lemma pieceI:
  assumes "r1 \<in> relation_words R" "r2 \<in> relation_words R"
    and "r1 = s1 @ q @ t1" "r2 = s2 @ q @ t2" "(r1, length s1) \<noteq> (r2, length s2)"
  shows "piece R q"
  using assms unfolding piece_def occurs_at_def by blast

lemma small_overlap_C_mono:
  "m \<le> n \<Longrightarrow> small_overlap_C n R \<Longrightarrow> small_overlap_C m R"
  unfolding small_overlap_C_def by (meson order_trans)

lemma relation_word_not_two_pieces:
  assumes "small_overlap_C 3 R" "r \<in> relation_words R" "piece R a" "piece R b"
  shows "r \<noteq> a @ b"
proof
  assume "r = a @ b"
  then have "concat [a, b] = r" "\<forall>q \<in> set [a, b]. piece R q" using assms(3,4) by auto
  then have "3 \<le> length [a, b]" using assms(1,2) unfolding small_overlap_C_def by blast
  then show False by simp
qed

lemma relation_word_not_piece:
  assumes "small_overlap_C 3 R" "r \<in> relation_words R"
  shows "\<not> piece R r"
proof
  assume "piece R r"
  moreover have "piece R []" by (simp add: piece_def)
  ultimately show False using relation_word_not_two_pieces[OF assms] by fastforce
qed

lemma
  shows prefix_max_piece_prefix: "prefix (max_piece_prefix R r) r"
    and piece_max_piece_prefix: "piece R (max_piece_prefix R r)"
    and max_piece_prefix_maximal: "prefix q r \<Longrightarrow> piece R q \<Longrightarrow> length q \<le> length (max_piece_prefix R r)"
proof -
  let ?P = "\<lambda>k. k \<le> length r \<and> piece R (take k r)"
  have "?P (Greatest ?P)"
    by (rule GreatestI_nat[where k=0 and b="length r"]) (auto simp: piece_def)
  moreover have mpp: "max_piece_prefix R r = take (Greatest ?P) r"
    unfolding max_piece_prefix_def ..
  ultimately show "prefix (max_piece_prefix R r) r" "piece R (max_piece_prefix R r)"
    by (auto simp: take_is_prefix)
  assume "prefix q r" "piece R q"
  then have "?P (length q)" by (metis prefix_length_le prefix_def append_eq_conv_conj)
  then have "length q \<le> Greatest ?P" by (rule Greatest_le_nat[where b="length r"]) simp
  then show "length q \<le> length (max_piece_prefix R r)"
    using \<open>?P (Greatest ?P)\<close> mpp by simp
qed

lemma
  shows suffix_max_piece_suffix: "suffix (max_piece_suffix R r) r"
    and piece_max_piece_suffix: "piece R (max_piece_suffix R r)"
    and max_piece_suffix_maximal: "suffix q r \<Longrightarrow> piece R q \<Longrightarrow> length q \<le> length (max_piece_suffix R r)"
proof -
  let ?P = "\<lambda>k. k \<le> length r \<and> piece R (drop (length r - k) r)"
  have "?P (Greatest ?P)"
    by (rule GreatestI_nat[where k=0 and b="length r"]) (auto simp: piece_def)
  moreover have mps: "max_piece_suffix R r = drop (length r - Greatest ?P) r"
    unfolding max_piece_suffix_def ..
  ultimately show "suffix (max_piece_suffix R r) r" "piece R (max_piece_suffix R r)"
    by (auto simp: suffix_drop)
  assume "suffix q r" "piece R q"
  then have "?P (length q)" by (auto simp: suffix_def)
  then have "length q \<le> Greatest ?P" by (rule Greatest_le_nat[where b="length r"]) simp
  then show "length q \<le> length (max_piece_suffix R r)"
    using \<open>?P (Greatest ?P)\<close> mps by simp
qed

lemma relation_word_decomp:
  assumes "small_overlap_C 3 R" "r \<in> relation_words R"
  shows "r = max_piece_prefix R r @ middle_word R r @ max_piece_suffix R r"
    and "middle_word R r \<noteq> []"
proof -
  define X where "X = max_piece_prefix R r"
  define Z where "Z = max_piece_suffix R r"
  obtain T where rX: "r = X @ T" using prefix_max_piece_prefix unfolding X_def prefix_def by blast
  obtain S where rZ: "r = S @ Z" using suffix_max_piece_suffix unfolding Z_def suffix_def by blast
  have long: "length X + length Z < length r"
  proof (rule ccontr)
    assume "\<not> ?thesis"
    moreover have "suffix T r" "suffix Z r" using rX rZ by (metis suffixI)+
    ultimately have "suffix T Z" using rX suffix_length_suffix[of T r Z] by simp
    then have "piece R T"
      using piece_sublist[OF suffix_imp_sublist] piece_max_piece_suffix Z_def by blast
    moreover have "piece R X" using piece_max_piece_prefix X_def by blast
    ultimately show False using relation_word_not_two_pieces[OF assms] rX by blast
  qed
  have "take (length r - length Z) r = S" using rZ by simp
  then have Y: "middle_word R r = drop (length X) S"
    unfolding middle_word_def X_def Z_def by simp
  have "prefix X r" "prefix S r" using rX rZ by (metis prefixI)+
  then have "prefix X S" using rZ long prefix_length_prefix[of X r S] by simp
  then have "S = X @ drop (length X) S" by (metis append_take_drop_id prefix_def append_eq_conv_conj)
  then show "r = max_piece_prefix R r @ middle_word R r @ max_piece_suffix R r"
    using rZ Y unfolding X_def Z_def by (metis append.assoc)
  show "middle_word R r \<noteq> []" using Y rZ long by simp
qed

lemma
  assumes "small_overlap_C 3 R" "r \<in> relation_words R" "y \<noteq> []" "prefix y (middle_word R r)"
  shows prefix_max_piece_prefix_append: "prefix (max_piece_prefix R r @ y) r"
    and not_piece_max_piece_prefix_append: "\<not> piece R (max_piece_prefix R r @ y)"
proof -
  obtain t where "middle_word R r = y @ t" using assms(4) by (auto simp: prefix_def)
  then have "r = (max_piece_prefix R r @ y) @ t @ max_piece_suffix R r"
    using relation_word_decomp(1)[OF assms(1,2)] by simp
  then show pre: "prefix (max_piece_prefix R r @ y) r" by (rule prefixI)
  show "\<not> piece R (max_piece_prefix R r @ y)"
    using max_piece_prefix_maximal[OF pre, of R] assms(3) by auto
qed

lemma not_piece_max_piece_prefix_middle_word:
  assumes "small_overlap_C 3 R" "r \<in> relation_words R"
  shows "\<not> piece R (max_piece_prefix R r @ middle_word R r)"
  using not_piece_max_piece_prefix_append[OF assms] relation_word_decomp(2)[OF assms] by simp

lemma piece_if_prefix_of_distinct:
  assumes "r1 \<in> relation_words R" "r2 \<in> relation_words R" "r1 \<noteq> r2"
    and "prefix q r1" "prefix q r2"
  shows "piece R q"
proof -
  obtain t1 t2 where "r1 = [] @ q @ t1" "r2 = [] @ q @ t2"
    using assms(4,5) by (auto elim!: prefixE)
  then show ?thesis using pieceI[OF assms(1,2)] assms(3) by blast
qed

lemma relation_word_eq_if_common_prefix:
  assumes "small_overlap_C 3 R" "r1 \<in> relation_words R" "r2 \<in> relation_words R"
    and "prefix q r1" "\<not> piece R q" "prefix q u" "prefix r2 u"
  shows "r1 = r2"
proof (rule ccontr)
  assume ne: "r1 \<noteq> r2"
  consider "prefix q r2" | "prefix r2 q" using prefix_same_cases assms(6,7) by blast
  then show False
  proof cases
    case 1
    then show False
      using piece_if_prefix_of_distinct[OF assms(2,3) ne assms(4)] assms(5) by blast
  next
    case 2
    then have "prefix r2 r1" using assms(4) by (rule prefix_order.trans)
    then have "piece R r2"
      using piece_if_prefix_of_distinct[OF assms(2,3) ne] by blast
    then show False using relation_word_not_piece[OF assms(1,3)] by blast
  qed
qed

lemma piece_if_suffix_overlaps_prefix:
  assumes "r1 \<in> relation_words R" "r2 \<in> relation_words R"
    and "r1 = s @ d" "s \<noteq> []" "prefix q r2" "\<not> piece R q" "prefix q u" "prefix d u"
  shows "piece R d"
proof -
  obtain t2 where r2: "r2 = [] @ q @ t2" using assms(5) by (auto elim!: prefixE)
  have "(r1, length s) \<noteq> (r2, length [])" using assms(4) by simp
  note distinct_occurrences = pieceI[OF assms(1,2) _ _ this]
  consider "prefix q d" | "prefix d q" using prefix_same_cases assms(7,8) by blast
  then show ?thesis
  proof cases
    case 1
    then obtain t where "r1 = s @ q @ t" using assms(3) by (auto elim!: prefixE)
    then show ?thesis using distinct_occurrences r2 assms(6) by blast
  next
    case 2
    then obtain t where "r2 = [] @ d @ t" using r2 by (auto elim!: prefixE)
    then show ?thesis using distinct_occurrences[of d "[]"] assms(3) by simp
  qed
qed

lemma overlap_factorisation_cases:
  assumes "small_overlap_C 3 R" and of: "overlap_factorisation R u v b rs ys"
  obtains (single) r1 where "r1 \<in> relation_words R"
      "v = b @ max_piece_prefix R r1 @ middle_word R r1"
  | (multiple) r1 y1 r2 y2 t where "r1 \<in> relation_words R" "r2 \<in> relation_words R"
      "y1 \<noteq> []" "strict_prefix y1 (middle_word R r1)" "y2 \<noteq> []" "prefix y2 (middle_word R r2)"
      "v = b @ max_piece_prefix R r1 @ y1 @ max_piece_prefix R r2 @ y2 @ t"
proof -
  have rs: "rs \<noteq> []" "set rs \<subseteq> relation_words R" "length ys = length rs - 1"
    and ys: "\<forall>i < length ys. ys ! i \<noteq> [] \<and> strict_prefix (ys ! i) (middle_word R (rs ! i))"
    and v: "v = b @ concat (map (\<lambda>(r, y). max_piece_prefix R r @ y) (zip (butlast rs) ys))
           @ max_piece_prefix R (last rs) @ middle_word R (last rs)"
    using of unfolding overlap_factorisation_def by auto
  obtain r1 rs' where rs1: "rs = r1 # rs'" using rs(1) by (cases rs) auto
  show thesis
  proof (cases rs')
    case Nil
    then show thesis using single rs v rs1 by simp
  next
    case (Cons r2 rs'')
    then obtain y1 ys' where ys1: "ys = y1 # ys'" using rs(3) rs1 by (cases ys) auto
    have r12: "r1 \<in> relation_words R" "r2 \<in> relation_words R" using rs(2) rs1 Cons by auto
    have y1: "y1 \<noteq> []" "strict_prefix y1 (middle_word R r1)" using ys ys1 rs1 by force+
    show thesis
    proof (cases rs'')
      case Nil
      then have "v = b @ max_piece_prefix R r1 @ y1 @ max_piece_prefix R r2 @ middle_word R r2 @ []"
        using v rs(3) rs1 Cons ys1 by simp
      then show thesis
        using multiple r12 y1 relation_word_decomp(2)[OF assms(1) r12(2)] by blast
    next
      case (Cons r3 rs3)
      with \<open>rs' = r2 # rs''\<close> obtain y2 ys'' where ys2: "ys' = y2 # ys''"
        using rs(3) rs1 ys1 by (cases ys') auto
      have y2: "y2 \<noteq> []" "strict_prefix y2 (middle_word R r2)"
        using ys[rule_format, of 1] ys1 ys2 rs1 \<open>rs' = r2 # rs''\<close> by auto
      have "v = b @ max_piece_prefix R r1 @ y1 @ max_piece_prefix R r2 @ y2 @
          concat (map (\<lambda>(r, y). max_piece_prefix R r @ y) (zip (butlast rs'') ys''))
           @ max_piece_prefix R (last rs) @ middle_word R (last rs)"
        using v rs1 ys1 ys2 \<open>rs' = r2 # rs''\<close> Cons by simp
      then show thesis using multiple r12 y1 y2 strict_prefix_def by blast
    qed
  qed
qed

lemma overlap_prefix_longer_than_piece_prefix:
  assumes "small_overlap_C 3 R" "overlap_factorisation R u v b rs ys"
    and "piece R p" "prefix p u"
  shows "length p < length v"
proof (rule ccontr)
  define a where "a = b @ concat (map (\<lambda>(r, y). max_piece_prefix R r @ y) (zip (butlast rs) ys))"
  have v: "v = a @ max_piece_prefix R (last rs) @ middle_word R (last rs)"
    and "prefix v u" and last: "last rs \<in> relation_words R"
    using assms(2) unfolding overlap_factorisation_def a_def by auto
  assume "\<not> length p < length v"
  then have "prefix v p" using prefix_length_prefix[OF \<open>prefix v u\<close> assms(4)] by simp
  then obtain t where "p = a @ (max_piece_prefix R (last rs) @ middle_word R (last rs)) @ t"
    using v by (auto elim!: prefixE)
  then have "piece R (max_piece_prefix R (last rs) @ middle_word R (last rs))"
    using assms(3) piece_sublist[OF sublist_appendI] by metis
  then show False using not_piece_max_piece_prefix_middle_word[OF assms(1) last] by blast
qed

lemma overlap_factorisation_lead_Nil:
  assumes of: "overlap_factorisation R u v b rs ys" and r: "r \<in> relation_words R"
    and "prefix (max_piece_prefix R r @ middle_word R r) v"
  shows "b = []"
proof (rule ccontr)
  assume "b \<noteq> []"
  obtain t where "v = [] @ (max_piece_prefix R r @ middle_word R r) @ t"
    using assms(3) by (auto elim!: prefixE)
  with r \<open>b \<noteq> []\<close> have "\<exists>r0 s t. r0 \<in> relation_words R \<and>
      v = s @ (max_piece_prefix R r0 @ middle_word R r0) @ t \<and> length s < length b"
    by (intro exI[of _ r] exI[of _ "[]"] exI[of _ t]) simp
  moreover have "\<not> (\<exists>r0 s t. r0 \<in> relation_words R \<and>
      v = s @ (max_piece_prefix R r0 @ middle_word R r0) @ t \<and> length s < length b)"
    using of unfolding overlap_factorisation_def by (elim conjE)
  ultimately show False by contradiction
qed
(* Let $l\ge2$ and $r\ge3$ be integers and let $\kappa$ be a real number with $3-l(1-\kappa)>0$. Let $n_2,\dots,n_l\ge0$ and $m_2,\dots,m_r\ge0$ be real numbers satisfying $$\sum_{s=2}^l s\,n_s=\sum_{t=2}^r t\,m_t\qquad\text{and}\qquad \sum_{t=2}^{r-1}m_t+\sum_{s=2}^l(l-s)n_s\ \ge\ \kappa l\sum_{s=2}^l n_s .$$ Then $$\sum_{t=2}^{r-1}(r-t)\,m_t\ \ge\ \Bigl(r-\frac{2+r}{3-l(1-\kappa)}\Bigr)\Bigl(\sum_{s=2}^l n_s+\sum_{t=2}^r m_t\Bigr).$$ *)

theory Defs
  imports Complex_Main
begin

end

theory Submission
  imports Defs
begin

(*
  Write N = \<Sum> n_s and S = \<Sum> s n_s for the first family, M' = \<Sum>_{t<r} m_t and
  S' = \<Sum>_{t<r} t m_t for the second one without its top term m_r, and put
  a = l(1 - \<kappa>), so that the denominator is 3 - a.  In this notation the
  hypotheses say S = S' + r m_r (balanced weights), M' \<ge> S - a N (the second
  hypothesis), and trivially S \<ge> 2N, S' \<ge> 2M'; the claim is equivalent to
        (3 - a) (r N + S) \<le> (2 + r) (N + M' + m_r).
*)

text \<open>For \<open>a \<ge> 1\<close> the claim is the sum of three nonnegative terms:
  \<open>(r - 1 + a)(S - 2N) + (2 + r) m\<^sub>r + (2 + r)(M' - S + aN)\<close>.\<close>
lemma counting_inequality_large_a:
  fixes N M' S' mr a r :: real
  assumes "1 \<le> a" "0 \<le> r" "0 \<le> mr"
    and "2 * N \<le> S' + r * mr" and "S' + r * mr - a * N \<le> M'"
  shows "(3 - a) * (r * N + S' + r * mr) \<le> (2 + r) * (N + M' + mr)"
proof -
  have "(2 + r) * (N + M' + mr) - (3 - a) * (r * N + S' + r * mr)
      = (r - 1 + a) * (S' + r * mr - 2 * N) + (2 + r) * mr
        + (2 + r) * (M' - (S' + r * mr) + a * N)"
    by (simp add: algebra_simps)
  moreover have "0 \<le> (r - 1 + a) * (S' + r * mr - 2 * N)"
    using assms(1,2,4) by simp
  moreover have "0 \<le> (2 + r) * mr" using assms(2,3) by simp
  moreover have "0 \<le> (2 + r) * (M' - (S' + r * mr) + a * N)"
    using assms(2,5) by simp
  ultimately show ?thesis by linarith
qed

lemma counting_data_vanish_small_a:
  fixes N M' S' mr a r :: real
  assumes "a < 1" "0 < r" "0 \<le> N" "0 \<le> M'" "0 \<le> mr"
    and "2 * N \<le> S' + r * mr" and "2 * M' \<le> S'" and "S' + r * mr - a * N \<le> M'"
  shows "N = 0" "M' = 0" "S' = 0" "mr = 0"
proof -
  have "0 \<le> r * mr" using assms(2,5) by simp
  have bound: "S' + 2 * (r * mr) \<le> 2 * a * N"
    using assms(7,8) by linarith
  then have "(1 - a) * N \<le> 0"
    using assms(6) \<open>0 \<le> r * mr\<close> by (simp add: algebra_simps)
  then show N0: "N = 0"
    using assms(1,3) by (simp add: mult_le_0_iff)
  have "S' + 2 * (r * mr) \<le> 0" using bound N0 by simp
  then have "r * mr = 0" "S' = 0" using assms(4,7) \<open>0 \<le> r * mr\<close> by linarith+
  then show "mr = 0" "S' = 0" using assms(2) by simp_all
  then show "M' = 0" using assms(4,7) by linarith
qed

lemma counting_inequality:
  fixes N M' S' mr a r :: real
  assumes "0 < r" "0 \<le> N" "0 \<le> M'" "0 \<le> mr"
    and "2 * N \<le> S' + r * mr" and "2 * M' \<le> S'" and "S' + r * mr - a * N \<le> M'"
  shows "(3 - a) * (r * N + S' + r * mr) \<le> (2 + r) * (N + M' + mr)"
proof (cases "1 \<le> a")
  case True
  then show ?thesis using counting_inequality_large_a assms by simp
next
  case False
  then have "N = 0" "M' = 0" "S' = 0" "mr = 0"
    using counting_data_vanish_small_a assms by (simp_all add: not_le)
  then show ?thesis by simp
qed

lemma divide_out_denominator:
  fixes D X Y r :: real
  assumes "0 < D" and "D * X \<le> (2 + r) * Y"
  shows "(r - (2 + r) / D) * Y \<le> r * Y - X"
proof -
  have "X \<le> (2 + r) * Y / D"
    using assms by (simp add: pos_le_divide_eq mult.commute)
  then show ?thesis by (simp add: algebra_simps)
qed

lemma sum_atLeastAtMost_split_last:
  fixes f :: "nat \<Rightarrow> 'a::comm_monoid_add"
  assumes "1 \<le> a" and "a \<le> b"
  shows "(\<Sum>t=a..b. f t) = (\<Sum>t=a..b-1. f t) + f b"
proof -
  have "(\<Sum>t=a..Suc (b - 1). f t) = (\<Sum>t=a..b-1. f t) + f (Suc (b - 1))"
    using assms by (subst sum.cl_ivl_Suc) auto
  moreover have "Suc (b - 1) = b" using assms by simp
  ultimately show ?thesis by simp
qed

lemma weighted_sum_lower_bound:
  fixes f :: "nat \<Rightarrow> real"
  assumes "\<forall>t\<in>{a..b}. 0 \<le> f t"
  shows "real a * (\<Sum>t=a..b. f t) \<le> (\<Sum>t=a..b. real t * f t)"
  unfolding sum_distrib_left using assms
  by (intro sum_mono) (auto intro: mult_right_mono)

lemma sum_linear_weight:
  fixes f :: "nat \<Rightarrow> real"
  shows "(\<Sum>t\<in>A. (c - real t) * f t) = c * (\<Sum>t\<in>A. f t) - (\<Sum>t\<in>A. real t * f t)"
  by (simp add: left_diff_distrib sum_subtractf sum_distrib_left)

theorem mainTheorem7:
  fixes l r :: nat and \<kappa> :: real and n m :: "nat \<Rightarrow> real"
  assumes "l \<ge> 2" and "r \<ge> 3"
    and "3 - real l * (1 - \<kappa>) > 0"
    and "\<forall>s\<in>{2..l}. n s \<ge> 0"
    and "\<forall>t\<in>{2..r}. m t \<ge> 0"
    and "(\<Sum>s=2..l. real s * n s) = (\<Sum>t=2..r. real t * m t)"
    and "(\<Sum>t=2..r-1. m t) + (\<Sum>s=2..l. (real l - real s) * n s)
           \<ge> \<kappa> * real l * (\<Sum>s=2..l. n s)"
  shows "(\<Sum>t=2..r-1. (real r - real t) * m t)
           \<ge> (real r - (2 + real r) / (3 - real l * (1 - \<kappa>)))
              * ((\<Sum>s=2..l. n s) + (\<Sum>t=2..r. m t))"
proof -
  define N where "N = (\<Sum>s=2..l. n s)"
  define S where "S = (\<Sum>s=2..l. real s * n s)"
  define M' where "M' = (\<Sum>t=2..r-1. m t)"
  define S' where "S' = (\<Sum>t=2..r-1. real t * m t)"
  define a where "a = real l * (1 - \<kappa>)"
  have nonneg_m: "\<forall>t\<in>{2..r-1}. 0 \<le> m t" using assms(5) by auto
  have M_split: "(\<Sum>t=2..r. m t) = M' + m r"
    and S_split: "S = S' + real r * m r"
    using assms(2,6) by (simp_all add: M'_def S'_def S_def sum_atLeastAtMost_split_last)
  have "0 \<le> N" "0 \<le> M'" "0 \<le> m r"
    using assms(2,4,5) nonneg_m by (auto simp: N_def M'_def intro: sum_nonneg)
  moreover have "2 * N \<le> S" "2 * M' \<le> S'"
    using weighted_sum_lower_bound[OF assms(4)] weighted_sum_lower_bound[OF nonneg_m]
    by (simp_all add: N_def S_def M'_def S'_def)
  moreover have "S - a * N \<le> M'"
    using assms(7) sum_linear_weight[of "real l" n "{2..l}"]
    by (simp add: N_def S_def M'_def a_def algebra_simps)
  ultimately have "(3 - a) * (real r * N + S) \<le> (2 + real r) * (N + (M' + m r))"
    using counting_inequality[of "real r" N M' "m r" S' a] assms(2) S_split
    by (simp add: add.assoc)
  then have "(real r - (2 + real r) / (3 - a)) * (N + (M' + m r))
               \<le> real r * (N + (M' + m r)) - (real r * N + S)"
    using divide_out_denominator assms(3) a_def by blast
  moreover have "(\<Sum>t=2..r-1. (real r - real t) * m t) = real r * M' - S'"
    by (simp add: sum_linear_weight M'_def S'_def)
  ultimately show ?thesis
    using S_split M_split by (simp add: N_def a_def algebra_simps)
qed

end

*WORK TO COMPLETE*. All that is wanted is the stretch of lines above from the one containing "X + length Z" through the one containing "piece_max_piece_prefix X_def by blast", duplicated exactly.

*WRITTEN ANSWER*.
  have long: "length X + length Z < length r"
  proof (rule ccontr)
    assume "\<not> ?thesis"
    moreover have "suffix T r" "suffix Z r" using rX rZ by (metis suffixI)+
    ultimately have "suffix T Z" using rX suffix_length_suffix[of T r Z] by simp
    then have "piece R T"
      using piece_sublist[OF suffix_imp_sublist] piece_max_piece_suffix Z_def by blast
    moreover have "piece R X" using piece_max_piece_prefix X_def by blast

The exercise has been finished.